4. Mobile devices equal malware

According to the Ponemon report, 80 percent of organizations believe their mobile endpoints have been targeted by malware in the past 12 months, and ITProPortal reports that mobile malware has seen a 50 percent spike in recent months. An estimated 6.9 percent of business mobile users encounter risky streaming, websites, or hotspots each day, with analysts speculating that a lifestyle of constant connectivity can lull users into a false sense of security, according to Kaspersky Labs.

A hybrid approach to security, technology, and education may be most effective when it comes to taking mobile malware threats seriously. Mobile device management (MDM) technologies, containerization, VPNs, and frequent updates can all diminish your organization’s chances of catching a worm. Monitoring your mobile devices, laptops, printers and other end points constantly can let you catch persistent malware as soon as possible.

5. Fighting for resources is (unfortunately) normal

While you might lay awake at night worrying about endpoint threats, your CFO might need more convincing. Ponemon’s research reveals that just 36 percent of organizations feel they have enough budget to protect their endpoints. For 69 percent, it’s a struggle to keep up with employee demand for support and mobile connectivity.

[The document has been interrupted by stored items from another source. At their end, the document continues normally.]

(* Suppose that $Q_ph(x)=M_p(g_{p+1}h)(x)$ for Markov kernels $M_p$ and nonnegative measurable potentials $g_{p+1}$, and that (MG) holds: (i) there are constants $0<\sigma_-<\sigma_+<\infty$ and $\varphi\in\mathcal P(\mathcal X)$ with $\sigma_-\varphi(A)\le M_p(x,A)\le\sigma_+\varphi(A)$ for all $p\ge0$, $x\in\mathsf X$, $A\in\mathcal X$; (ii) $w_+:=\sup_p\|w_p\|_\infty<\infty$; (iii) $c_-:=\inf_{p,x}Q_p\mathbf 1(x)>0$. Let $\rho=1-\sigma_-/\sigma_+$ and, for $n\ge1$ and $h\in\mathrm B(\mathcal X)$, $$\sigma_n^2(h)=\sum_{\ell=0}^{n-1}(n-\ell)\frac{\eta_\ell R_\ell\{w_\ell^2\,[Q_{\ell+1}\cdots Q_{n-1}(h-\eta_nh)]^2\}}{(\eta_\ell Q_\ell\cdots Q_{n-1}\mathbf 1)^2}$$ (the asymptotic variance of the double bootstrap algorithm). Then for all $n\ge1$ and $h\in\mathrm B(\mathcal X)$, $$\sigma_n^2(h)\le w_+\frac{\mathrm{osc}(h)^2}{(1-\rho)^2(1-\rho^2)^2c_-}.$$
   Context: $(\mathsf X,\mathcal X)$ a measurable space; $\mathrm B(\mathcal X)$ bounded real measurable functions, $\mathcal P(\mathcal X)$ probability measures, $\nu h=\int h\,d\nu$, $\|h\|_\infty=\sup|h|$, $\mathrm{osc}(h)=\sup_{x,x'}|h(x)-h(x')|$, $\mathbf 1$ the constant one. Feynman–Kac flow: $\eta_0\in\mathcal P(\mathcal X)$, $\eta_{p+1}h=\eta_pQ_ph/\eta_pQ_p\mathbf 1$ with $Q_p\mathbf 1$ bounded. $R_p$ are Markov kernels on $\mathsf X$ with $Q_p(x,\cdot)\ll R_p(x,\cdot)$ and $w_p(x,x')=\frac{dQ_p(x,\cdot)}{dR_p(x,\cdot)}(x')$ nonnegative bounded measurable; $R_p(w_p^2f)(x)=\int w_p^2(x,x')f(x')R_p(x,dx')$. Convention: $Q_{\ell+1}\cdots Q_{n-1}=\mathrm{id}$ if $\ell+1>n-1$; kernel products $(KL)(x,A)=\int K(x,dy)L(y,A)$. *)

theory Defs
  imports "HOL-Probability.Probability"
begin
lemma A_h_Suc:
  assumes H: "hessenberg (Suc m) h"
  shows "A_h (Suc m) h =
    top_extensions (Suc m) (A_h m (hess_restrict m h)) (card {k \<in> {1..m}. h k = Suc m})"
    (is "_ = top_extensions _ (A_h m ?g) ?N")
proof (intro set_eqI iffI)
  let ?Q = "\<lambda>c. h c = Suc m"
  fix \<alpha> assume "\<alpha> \<in> A_h (Suc m) h"
  then obtain T where F: "filling (Suc m) h T" and \<alpha>: "\<alpha> = Phi (Suc m) h T"
    unfolding A_h_def by blast
  obtain xs ys where T: "T = xs @ Suc m # ys" and FL: "filling m ?g (xs @ ys)"
    and hy: "ys = [] \<or> h (hd ys) = Suc m"
    using filling_remove_top[OF H F] by blast
  have "\<alpha> = (Phi m ?g (xs @ ys))(Suc m := length (filter ?Q ys))"
    using Phi_insert_top[OF H F[unfolded T] hy] \<alpha> T by simp
  moreover have "Phi m ?g (xs @ ys) \<in> A_h m ?g" unfolding A_h_def using FL by blast
  moreover have "length (filter ?Q ys) \<le> ?N"
    using length_filter_filling[OF FL, of ?Q] by simp
  ultimately show "\<alpha> \<in> top_extensions (Suc m) (A_h m ?g) ?N"
    unfolding top_extensions_def by blast
next
  let ?Q = "\<lambda>c. h c = Suc m"
  fix \<alpha> assume "\<alpha> \<in> top_extensions (Suc m) (A_h m ?g) ?N"
  then obtain L k where FL: "filling m ?g L" and \<alpha>: "\<alpha> = (Phi m ?g L)(Suc m := k)"
    and k: "k \<le> ?N"
    unfolding top_extensions_def A_h_def by blast
  obtain xs ys where L: "L = xs @ ys" and ys: "length (filter ?Q ys) = k"
    and hy: "ys = [] \<or> ?Q (hd ys)"
    using suffix_with_count[of k ?Q L] k length_filter_filling[OF FL, of ?Q] by auto
  have F: "filling (Suc m) h (xs @ Suc m # ys)"
    using filling_insert_top[OF H] FL L hy by blast
  have "Phi (Suc m) h (xs @ Suc m # ys) = \<alpha>"
    using Phi_insert_top[OF H F hy] \<alpha> L ys by simp
  then show "\<alpha> \<in> A_h (Suc m) h" using F unfolding A_h_def by blast
qed

lemma A_h_zero: "A_h 0 h = {\<lambda>_. 0}"
proof -
  have "filling 0 h T \<longleftrightarrow> T = []" for T by (auto simp: filling_def)
  then show ?thesis by (auto simp: A_h_def Phi_def fun_eq_iff)
qed

subsection \<open>The recursion for B_h\<close>

lemma degree_tuple_restrict:
  assumes H: "hessenberg (Suc m) h" and i: "i \<in> {1..m}"
  shows "degree_tuple (Suc m) h i = degree_tuple m (hess_restrict m h) i"
proof -
  have "{k \<in> {1..Suc m}. h k < i} = {k \<in> {1..m}. hess_restrict m h k < i}"
    using hessenberg_top[OF H] i by (auto simp: hess_restrict_def le_Suc_eq)
  then show ?thesis by (simp add: degree_tuple_def)
qed

lemma degree_tuple_top:
  assumes H: "hessenberg (Suc m) h"
  shows "degree_tuple (Suc m) h (Suc m) = int (card {k \<in> {1..m}. h k = Suc m}) + 1"
proof -
  have below: "{k \<in> {1..Suc m}. h k < Suc m} = {k \<in> {1..m}. h k < Suc m}"
    using hessenberg_top[OF H] by (auto simp: le_Suc_eq)
  have partition: "{1..m} = {k \<in> {1..m}. h k < Suc m} \<union> {k \<in> {1..m}. h k = Suc m}"
    using hessenberg_le[OF H] by fastforce
  have "card {1..m} = card {k \<in> {1..m}. h k < Suc m} + card {k \<in> {1..m}. h k = Suc m}"
    by (subst partition, rule card_Un_disjoint) auto
  then show ?thesis unfolding degree_tuple_def below by simp
qed

lemma B_h_vanishes_above: "\<beta> \<in> B_h m g \<Longrightarrow> \<beta> (Suc m) = 0"
  by (simp add: B_h_def)

lemma B_h_Suc_iff:
  assumes H: "hessenberg (Suc m) h"
  shows "\<alpha> \<in> B_h (Suc m) h \<longleftrightarrow>
     \<alpha>(Suc m := 0) \<in> B_h m (hess_restrict m h) \<and> \<alpha> (Suc m) \<le> card {k \<in> {1..m}. h k = Suc m}"
proof -
  have upto_Suc: "{1..Suc m} = insert (Suc m) {1..m}" by auto
  have "\<alpha> \<in> B_h (Suc m) h \<longleftrightarrow>
     (\<forall>i\<in>{1..m}. int (\<alpha> i) \<le> degree_tuple m (hess_restrict m h) i - 1)
     \<and> int (\<alpha> (Suc m)) \<le> degree_tuple (Suc m) h (Suc m) - 1
     \<and> (\<forall>i. i \<notin> {1..Suc m} \<longrightarrow> \<alpha> i = 0)"
    unfolding B_h_def upto_Suc by (auto simp: degree_tuple_restrict[OF H])
  also have "\<dots> \<longleftrightarrow>
     \<alpha>(Suc m := 0) \<in> B_h m (hess_restrict m h) \<and> \<alpha> (Suc m) \<le> card {k \<in> {1..m}. h k = Suc m}"
    unfolding B_h_def degree_tuple_top[OF H] upto_Suc by auto
  finally show ?thesis .
qed

lemma B_h_Suc:
  assumes H: "hessenberg (Suc m) h"
  shows "B_h (Suc m) h =
    top_extensions (Suc m) (B_h m (hess_restrict m h)) (card {k \<in> {1..m}. h k = Suc m})"
  using B_h_Suc_iff[OF H] top_extensions_iff[of "B_h m (hess_restrict m h)"] B_h_vanishes_above
  by blast

lemma B_h_zero: "B_h 0 h = {\<lambda>_. 0}"
  by (auto simp: B_h_def fun_eq_iff)

theorem mainTheorem18:
  fixes n :: nat and h :: "nat \<Rightarrow> nat"
  assumes "hessenberg n h"
  shows "A_h n h = B_h n h"
  using assms
proof (induction n arbitrary: h)
  case 0
  show ?case by (simp add: A_h_zero B_h_zero)
next
  case (Suc m)
  have "A_h m (hess_restrict m h) = B_h m (hess_restrict m h)"
    using Suc.IH hessenberg_restrict[OF Suc.prems] by blast
  then show ?case
    using A_h_Suc[OF Suc.prems] B_h_Suc[OF Suc.prems] by simp
qed

end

In a recent round table on IT budgetary woes, Motorola CISO Bill Boni recommended that organizations take a broader look at presenting their case for more endpoint security resources. Boni told TechTarget, “You have to recognize the opportunity for significant gains in efficiency, effectiveness, and cost reductions.” By presenting the case to the board about where to automate—not to mention where to hire and invest—you may unlock more support for broad risk management.

The results of the latest research on endpoint protection indicate that today’s average IT pro is pretty much resigned to mobile malware, zero-day attacks, and other risks in the year to come. However, that’s not necessarily a bad thing. At the crux of limited resources, more moving and mobile pieces, and more sophisticated threats, the smartest move may be to anticipate an attack. Instead of planning to rely on your firewalls and antivirus software, a detection and remediation-based model can allow you to isolate and destroy threats.